Here is an example that will deduct 1 from locally posted articles and add 2 to groups with "spam" in their name.
sub local_filter_scoring {
    my $score = '';
    $score .= '*LocalPost' if $localfeed;
    $score .= '!!SpamGrp' if $hdr{Newsgroups} =~ /spam/;
    return $score;
};
local_filter_last Called last, after articles have been processed by all the Cleanfeed internal filters. This is probably the best function to put general filters in. This example will log and reject articles with PLUGH in the Subject:
sub local_filter_last {
    if ($hdr{Subject} =~ /PLUGH/) {
        logart('plugh', 'Subject PLUGH');
	return reject('Subject contains PLUGH', 'PLUGH');
    };
};
local_filter_cancel This function isn't applied to normal messages, only Control Cancel ones. It runs after the internal Cleanfeed Cancel checks and offers a means to define local policies for the handling of Cancel messages. Some operators choose not to honour Cancels at all, as per this example:
sub local_filter_cancel {
    # Reject all locally posted cancel messages.
    if ($localfeed) {
        logart('local.cancel', 'Local Cancel');
        return reject('Cancels forbidden');
    };
};
local_filter_control This function is called on messages containing a newgroup or rmgroup Control header and after internal checks have been processed. Should the Cleanfeed internal checks cause a message to be rejected, processing will complete before this function is called. In these instances, local_filter_reject should be used for further actions, such as logging. All rejected Control messages have a short reason of Bad control message.

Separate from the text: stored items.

lemma card_cycle_lists_le_card_edges:
  assumes "finite V" "graph_on V E" "2 \<le> l" "girth_gt E (2 * l - 2)"
  shows "card (cycle_lists E (2 * l)) \<le> 16 * card E ^ 2"
proof -
  let ?D = "{(a, b). {a, b} \<in> E}" and ?f = "\<lambda>vs. ((vs ! 0, vs ! 1), (vs ! l, vs ! Suc l))"
  have "?f ` cycle_lists E (2 * l) \<subseteq> ?D \<times> ?D"
    using cycle_list_edge[of _ E "2 * l" 0] cycle_list_edge[of _ E "2 * l" l] assms(3) by auto
  moreover have "inj_on ?f (cycle_lists E (2 * l))"
    using cycle_list_eq_if_antipodal_eq[OF _ _ assms(3,4)] by (intro inj_onI) simp
  moreover have "finite (?D \<times> ?D)" using card_oriented_edges_le[OF assms(1,2)] by simp
  ultimately have "card (cycle_lists E (2 * l)) \<le> card (?D \<times> ?D)"
    using card_inj_on_le by blast
  also have "\<dots> \<le> (4 * card E) * (4 * card E)"
    using mult_le_mono[OF card_oriented_edges_le(2)[OF assms(1,2)] card_oriented_edges_le(2)[OF assms(1,2)]]
    by (simp add: card_cartesian_product)
  finally show ?thesis by (simp add: power2_eq_square)
qed

section \<open>Pairs of paths with common ends\<close>

lemma list_eq_hd_butlast_tl_last:
  assumes "2 \<le> length p"
  shows "p = hd p # butlast (tl p) @ [last p]"
  using assms by (cases p) (auto simp: append_butlast_last_id)

definition paths_between :: "'a set set \<Rightarrow> 'a set \<Rightarrow> nat \<Rightarrow> 'a \<Rightarrow> 'a \<Rightarrow> 'a list set" where
  "paths_between E W l a b = {p \<in> paths_from E W a l. last p = b}"

definition path_pairs :: "'a set set \<Rightarrow> 'a set \<Rightarrow> nat \<Rightarrow> ('a list \<times> 'a list) set" where
  "path_pairs E W l = (\<Union>(a, b)\<in>W \<times> W.
     {(p, q). p \<in> paths_between E W l a b \<and> q \<in> paths_between E W l a b \<and> p \<noteq> q})"

lemma path_pairsE:
  assumes "(p, q) \<in> path_pairs E W l" "1 \<le> l"
  obtains a b us vs where "p = a # us @ [b]" "q = a # vs @ [b]" "us \<noteq> vs"
    "length us = l - 1" "length vs = l - 1" "is_path E (a # us @ [b])" "is_path E (a # vs @ [b])"
proof -
  obtain a b where p: "p \<in> paths_from E W a l" "last p = b" and q: "q \<in> paths_from E W a l" "last q = b"
    and "p \<noteq> q"
    using assms(1) unfolding path_pairs_def paths_between_def by blast
  note pD = paths_fromD[OF p(1)] and qD = paths_fromD[OF q(1)]
  have "2 \<le> length p" "2 \<le> length q" using pD(1) qD(1) assms(2) by simp_all
  then have "p = a # butlast (tl p) @ [b]" "q = a # butlast (tl q) @ [b]"
    using list_eq_hd_butlast_tl_last[of p] list_eq_hd_butlast_tl_last[of q] pD(2) qD(2) p(2) q(2)
    by simp_all
  moreover from this have "butlast (tl p) \<noteq> butlast (tl q)" using \<open>p \<noteq> q\<close> by metis
  ultimately show thesis using that pD(1,3) qD(1,3) by (metis length_butlast length_tl diff_Suc_1)
qed

lemma join_path_pair_in_cycle_lists:
  assumes "(p, q) \<in> path_pairs E W l" "2 \<le> l" "girth_gt E (2 * l - 2)"
  shows "p @ rev (butlast (tl q)) \<in> cycle_lists E (2 * l)"
proof -
  obtain a b us vs where pq: "p = a # us @ [b]" "q = a # vs @ [b]" and "us \<noteq> vs"
    and len: "length us = l - 1" "length vs = l - 1"
    and paths: "is_path E (a # us @ [b])" "is_path E (a # vs @ [b])"
    using path_pairsE[OF assms(1)] assms(2) by (metis one_le_numeral order_trans)
  have len_sum: "length us + length vs = 2 * l - 2" using len assms(2) by simp
  then have "set us \<inter> set vs = {}"
    using internally_disjoint_if_girth_gt[OF paths \<open>us \<noteq> vs\<close>] assms(3) by simp
  moreover have "us @ vs \<noteq> []" using len assms(2) by auto
  ultimately have "a # us @ b # rev vs \<in> cycle_lists E (length us + length vs + 2)"
    by (rule cycle_of_internally_disjoint_paths[OF paths])
  moreover have "length us + length vs + 2 = 2 * l" using len_sum assms(2) by simp
  ultimately show ?thesis using pq by simp
qed

lemma inj_on_join_path_pairs:
  assumes "1 \<le> l"
  shows "inj_on (\<lambda>(p, q). p @ rev (butlast (tl q))) (path_pairs E W l)"
proof (rule inj_onI, clarify)
  fix p q p' q'
  assume pq: "(p, q) \<in> path_pairs E W l" and pq': "(p', q') \<in> path_pairs E W l"
    and eq: "p @ rev (butlast (tl q)) = p' @ rev (butlast (tl q'))"
  obtain a b us vs where p: "p = a # us @ [b]" "q = a # vs @ [b]" "length us = l - 1"
    using path_pairsE[OF pq assms] by metis
  obtain a' b' us' vs' where p': "p' = a' # us' @ [b']" "q' = a' # vs' @ [b']" "length us' = l - 1"
    using path_pairsE[OF pq' assms] by metis
  have "p @ rev vs = p' @ rev vs'" using eq p p' by simp
  moreover have "length p = length p'" using p p' by simp
  ultimately have "p = p'" "vs = vs'" by (simp_all add: append_eq_append_conv)
  then show "p = p' \<and> q = q'" using p p' by simp
qed

lemma card_path_pairs_le:
  assumes "finite V" "graph_on V E" "2 \<le> l" "girth_gt E (2 * l - 2)"
  shows "card (path_pairs E W l) \<le> card (cycle_lists E (2 * l))"
proof (rule card_inj_on_le[OF inj_on_join_path_pairs _ finite_cycle_lists[OF assms(1,2)]])
  show "1 \<le> l" using assms(3) by simp
  show "(\<lambda>(p, q). p @ rev (butlast (tl q))) ` path_pairs E W l \<subseteq> cycle_lists E (2 * l)"
    using join_path_pair_in_cycle_lists assms(3,4) by fast
qed

lemma card_off_diagonal:
  assumes "finite X"
  shows "card {(p, q). p \<in> X \<and> q \<in> X \<and> p \<noteq> q} = card X * card X - card X"
proof -
  have "{(p, q). p \<in> X \<and> q \<in> X \<and> p \<noteq> q} = X \<times> X - (\<lambda>x. (x, x)) ` X" by auto
  moreover have "card ((\<lambda>x. (x, x)) ` X) = card X" by (rule card_image) (simp add: inj_on_def)
  ultimately show ?thesis
    using assms by (simp add: card_Diff_subset card_cartesian_product image_subset_iff)
qed

lemma finite_paths_between: "finite W \<Longrightarrow> finite (paths_between E W l a b)"
  by (simp add: paths_between_def finite_paths_from)

lemma card_path_pairs:
  assumes "finite W"
  shows "real (card (path_pairs E W l)) =
    (\<Sum>(a, b)\<in>W \<times> W. real (card (paths_between E W l a b)) ^ 2)
      - (\<Sum>(a, b)\<in>W \<times> W. real (card (paths_between E W l a b)))"
proof -
  let ?P = "\<lambda>(a, b). paths_between E W l a b"
  let ?B = "\<lambda>ab. {(p, q). p \<in> ?P ab \<and> q \<in> ?P ab \<and> p \<noteq> q}"
  have fin_P: "finite (?P ab)" for ab using finite_paths_between[OF assms] by (simp split: prod.split)
  have "card (path_pairs E W l) = card (\<Union> (?B ` (W \<times> W)))"
    unfolding path_pairs_def by (simp add: case_prod_beta)
  also have "\<dots> = (\<Sum>ab\<in>W \<times> W. card (?B ab))"
  proof (rule card_UN_disjoint)
    show "finite (W \<times> W)" using assms by simp
    show "\<forall>ab\<in>W \<times> W. finite (?B ab)"
    proof
      fix ab show "finite (?B ab)" by (rule finite_subset[of _ "?P ab \<times> ?P ab"]) (use fin_P in auto)
    qed
    show "\<forall>ab\<in>W \<times> W. \<forall>ab'\<in>W \<times> W. ab \<noteq> ab' \<longrightarrow> ?B ab \<inter> ?B ab' = {}"
      unfolding paths_between_def paths_from_def by (auto split: prod.splits)
  qed
  also have "\<dots> = (\<Sum>ab\<in>W \<times> W. card (?P ab) * card (?P ab) - card (?P ab))"
    using card_off_diagonal[OF fin_P] by simp
  finally have "real (card (path_pairs E W l)) = (\<Sum>ab\<in>W \<times> W. real (card (?P ab)) ^ 2 - real (card (?P ab)))"
    by (simp add: of_nat_diff power2_eq_square le_square)
  then show ?thesis by (simp add: sum_subtractf case_prod_beta)
qed

lemma card_paths_from_eq_sum:
  assumes "finite W"
  shows "card (paths_from E W a l) = (\<Sum>b\<in>W. card (paths_between E W l a b))"
proof -
  have "paths_from E W a l = (\<Union>b\<in>W. paths_between E W l a b)"
  proof (intro equalityI subsetI)
    fix p assume p: "p \<in> paths_from E W a l"
    then have "p \<in> paths_between E W l a (last p)" unfolding paths_between_def by simp
    then show "p \<in> (\<Union>b\<in>W. paths_between E W l a b)" using paths_fromD(6)[OF p] by blast
  qed (auto simp: paths_between_def)
  also have "card \<dots> = (\<Sum>b\<in>W. card (paths_between E W l a b))"
    by (rule card_UN_disjoint) (use assms finite_paths_between in \<open>auto simp: paths_between_def\<close>)
  finally show ?thesis .
qed

lemma half_square_le:
  fixes S w x :: real
  assumes "0 < w" "w * x \<le> S" "2 * w \<le> x"
  shows "x ^ 2 / 2 \<le> S ^ 2 / w ^ 2 - S"
proof -
  define t where "t = S / w"
  have "x \<le> t" using assms(1,2) unfolding t_def by (simp add: pos_le_divide_eq mult.commute)
  then have "x ^ 2 / 2 \<le> t ^ 2 / 2" using assms by (intro divide_right_mono power_mono) auto
  also have "\<dots> \<le> t * (t - w)"
  proof -
    have "t * (2 * w) \<le> t * t" using \<open>x \<le> t\<close> assms by (intro mult_left_mono) auto
    then show ?thesis by (simp add: power2_eq_square algebra_simps)
  qed
  also have "\<dots> = S ^ 2 / w ^ 2 - S"
    using assms(1) unfolding t_def by (simp add: field_simps power2_eq_square)
  finally show ?thesis .
qed

lemma card_path_pairs_ge:
  assumes "finite W" "W \<noteq> {}" "\<forall>y. {y} \<notin> E" "\<forall>x\<in>W. d \<le> real (card (neighbours E W x))"
    and "1 \<le> d" "girth_gt E l" "2 * real (card W) \<le> (d - 1) ^ l"
  shows "(d - 1) ^ (2 * l) / 2 \<le> real (card (path_pairs E W l))"
proof -
  let ?c = "\<lambda>(a, b). real (card (paths_between E W l a b))"
  define w where "w = real (card W)"
  define S where "S = (\<Sum>ab\<in>W \<times> W. ?c ab)"
  have w_pos: "0 < w" unfolding w_def using assms(1,2) by (simp add: card_gt_0_iff)
  have "(\<Sum>a\<in>W. (d - 1) ^ l) \<le> (\<Sum>a\<in>W. real (card (paths_from E W a l)))"
    using card_paths_from_ge[OF assms(1) _ assms(3-6)] by (intro sum_mono) simp
  also have "\<dots> = S"
    unfolding S_def card_paths_from_eq_sum[OF assms(1)] of_nat_sum
    by (simp add: sum.cartesian_product)
  finally have S_ge: "w * (d - 1) ^ l \<le> S" unfolding w_def by simp
  have "S\<^sup>2 \<le> (\<Sum>ab\<in>W \<times> W. (?c ab)\<^sup>2) * (\<Sum>ab\<in>W \<times> W. 1\<^sup>2)"
    using Cauchy_Schwarz_ineq_sum[of ?c "\<lambda>_. 1" "W \<times> W"] unfolding S_def by simp
  also have "(\<Sum>ab\<in>W \<times> W. (1::real)\<^sup>2) = w\<^sup>2"
    unfolding w_def by (simp add: card_cartesian_product power2_eq_square)
  finally have "S\<^sup>2 / w\<^sup>2 - S \<le> (\<Sum>ab\<in>W \<times> W. (?c ab)\<^sup>2) - S"
    using w_pos by (simp add: divide_le_eq)
  also have "\<dots> = real (card (path_pairs E W l))"
    unfolding S_def using card_path_pairs[OF assms(1)] by (simp add: case_prod_beta)
  finally have "S\<^sup>2 / w\<^sup>2 - S \<le> real (card (path_pairs E W l))" .
  moreover have "((d - 1) ^ l)\<^sup>2 / 2 \<le> S\<^sup>2 / w\<^sup>2 - S"
    using half_square_le[OF w_pos S_ge] assms(7) unfolding w_def by simp
  ultimately show ?thesis by (simp add: power_mult[symmetric] mult.commute)
qed

section \<open>Large cuts\<close>

definition cut_edges :: "'a set \<Rightarrow> 'a set set \<Rightarrow> 'a set set" where
  "cut_edges A E = {e \<in> E. card (e \<inter> A) = 1}"

lemma cut_edges_subset: "cut_edges A E \<subseteq> E"
  unfolding cut_edges_def by blast

lemma cut_edges_insert_iff_not_remove:
  assumes "graph_on V E" "e \<in> E" "x \<in> e"
  shows "e \<in> cut_edges (insert x A) E \<longleftrightarrow> e \<notin> cut_edges (A - {x}) E"
proof -
  obtain u where "e = {x, u}" "u \<noteq> x" using graph_on_edge_at[OF assms] by blast
  then show ?thesis using assms(2) unfolding cut_edges_def by (cases "u \<in> A") auto
qed

lemma cut_edges_eq_away:
  assumes "\<And>y. y \<noteq> x \<Longrightarrow> y \<in> B \<longleftrightarrow> y \<in> A"
  shows "cut_edges B E = cut_edges A {e \<in> E. x \<notin> e} \<union> {e \<in> cut_edges B E. x \<in> e}"
proof -
  have "e \<inter> B = e \<inter> A" if "x \<notin> e" for e
  proof -
    have "y \<in> e \<inter> B \<longleftrightarrow> y \<in> e \<inter> A" for y using assms[of y] that by (cases "y = x") auto
    then show ?thesis by blast
  qed
  then show ?thesis unfolding cut_edges_def by auto
qed

lemma card_cut_edges_eq_away:
  assumes "finite E" "\<And>y. y \<noteq> x \<Longrightarrow> y \<in> B \<longleftrightarrow> y \<in> A"
  shows "card (cut_edges B E) = card (cut_edges A {e \<in> E. x \<notin> e}) + card {e \<in> cut_edges B E. x \<in> e}"
proof -
  have "card (cut_edges A {e \<in> E. x \<notin> e} \<union> {e \<in> cut_edges B E. x \<in> e}) =
      card (cut_edges A {e \<in> E. x \<notin> e}) + card {e \<in> cut_edges B E. x \<in> e}"
    by (rule card_Un_disjoint) (use assms(1) in \<open>auto simp: cut_edges_def\<close>)
  then show ?thesis using cut_edges_eq_away[OF assms(2)] by simp
qed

Example local_filter_cancel:
sub local_filter_control {
    # Log locally posted Control messages.
    if ($localfeed) {
        logart('ctrl_rmgroup', 'rmgroup', 271)
            if $hdr{Control} =~ /^\s*rmgroup/i;
        logart('ctrl_newgroup', 'newgroup', 271)
            if $hdr{Control} =~ /^\s*newgroup/i;
    };
};
local_filter_reject The function doesn't quite fit the mould of the others. Instructions within it are only processed on articles that have already been rejected. This is a good place to define log files for rejected articles. There are some examples in the sample cleanfeed.local.

In this example, we log rejected articles where the Message-ID contains Xyzzy.
sub local_filter_reject {
    logart('xyzzy', 'Subject Xyzzy') if $hdr{'Message-ID'} =~ /Xyzzy/;
};
local_config Unlike all the other functions, this one doesn't contain any filters. It's the place for adjusting cleanfeed's internal defaults, such as the bad_rate_reload parameter described above. Details of all the adjustable parameters can be found in the configuration parameters section.